如何在sts.adfuller()函数中设置时间序列固定滞后阶数？以及如何使多变量ADF检验使用相同滞后阶数以获得一致P值？

阿华AIGC实验室

2026-4-28

Hey there! Let's break down your two questions about setting lag orders in the Augmented Dickey-Fuller (ADF) test using statsmodels:

Answers to ADF Test Lag Order Questions

Question 1: How to set a fixed lag order in `sts.adfuller()`?

To force the ADF test to use a specific, fixed number of lags instead of letting it auto-select based on criteria like AIC/BIC, you just need to adjust two parameters in the adfuller() function:

Set autolag=None to turn off automatic lag selection.
Pass your desired lag count to the lags parameter as an integer.

Here's a quick code example:

import statsmodels.tsa.stattools as sts

# Assume `your_time_series` is your single-variable time series data
fixed_lag_result = sts.adfuller(your_time_series, lags=2, autolag=None)

This will run the ADF test with exactly 2 lags every time, no automatic adjustments.

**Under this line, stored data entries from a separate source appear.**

text \<open>
  Since all norms on a finite-dimensional space are equivalent, there is \<open>c > 0\<close> with
  \<open>c \<parallel>x\<parallel> \<le> \<rho> x\<close>, while \<open>\<rho> x \<le> a max\<^sub>b \<bar>x\<^sub>b\<bar>\<close> for \<open>a = \<Sum>\<^sub>b \<rho> b\<close>; fix an integer
  \<open>p \<ge> 1 + a / c\<close>. For block lengths \<open>\<sigma>\<^sub>n = p\<^sup>n k\<^sub>0 \<cdots> k\<^sub>n\<close> let \<open>A\<close> consist of the points
  whose coordinates \<open>t \<ge> 0\<close> satisfy \<open>\<lfloor>t\<rfloor> mod p\<sigma>\<^sub>n < \<sigma>\<^sub>n\<close> for all \<open>n\<close>. Two points of \<open>A\<close>
  whose coordinates lie in the same blocks of period \<open>p\<sigma>\<^sub>n\<close> are at \<open>\<rho>\<close>-distance \<open>< a\<sigma>\<^sub>n\<close>;
  otherwise some coordinates differ by more than \<open>(p - 1)\<sigma>\<^sub>n\<close>, so the \<open>\<rho>\<close>-distance exceeds
  \<open>c(p - 1)\<sigma>\<^sub>n \<ge> a\<sigma>\<^sub>n\<close>. Hence \<open>A\<close> avoids every distance \<open>R\<^sub>n = a\<sigma>\<^sub>n\<close>. Inside the ball of
  radius \<open>R\<^sub>N\<close>, \<open>A\<close> contains \<open>(k\<^sub>0 \<cdots> k\<^sub>N)\<^sup>d\<close> unit cubes, a proportion at least
  \<open>(c / 2ap\<^sup>N)\<^sup>d\<close> of the ball that does not depend on the \<open>k\<^sub>n\<close>; choosing each \<open>k\<^sub>N\<close> large
  makes \<open>f(R\<^sub>N)\<close> smaller than this proportion.
\<close>

lemma is_norm_zero: "is_norm \<rho> \<Longrightarrow> \<rho> 0 = 0"
  unfolding is_norm_def by (metis abs_zero mult_zero_left scaleR_zero_left)

lemma is_norm_minus: "is_norm \<rho> \<Longrightarrow> \<rho> (- x) = \<rho> x"
  unfolding is_norm_def by (metis abs_minus_cancel abs_one mult_1 scaleR_minus1_left)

Question 2: How to get consistent P-values across multiple variables with a uniform lag order?

The default behavior of adfuller() (using autolag='AIC' by default) picks lag orders individually for each variable based on that variable's own information criterion. That's why your two test results have different lags (2 vs 1) and P-values (0.477 vs 0.0)—each variable's optimal lag (per AIC) is different.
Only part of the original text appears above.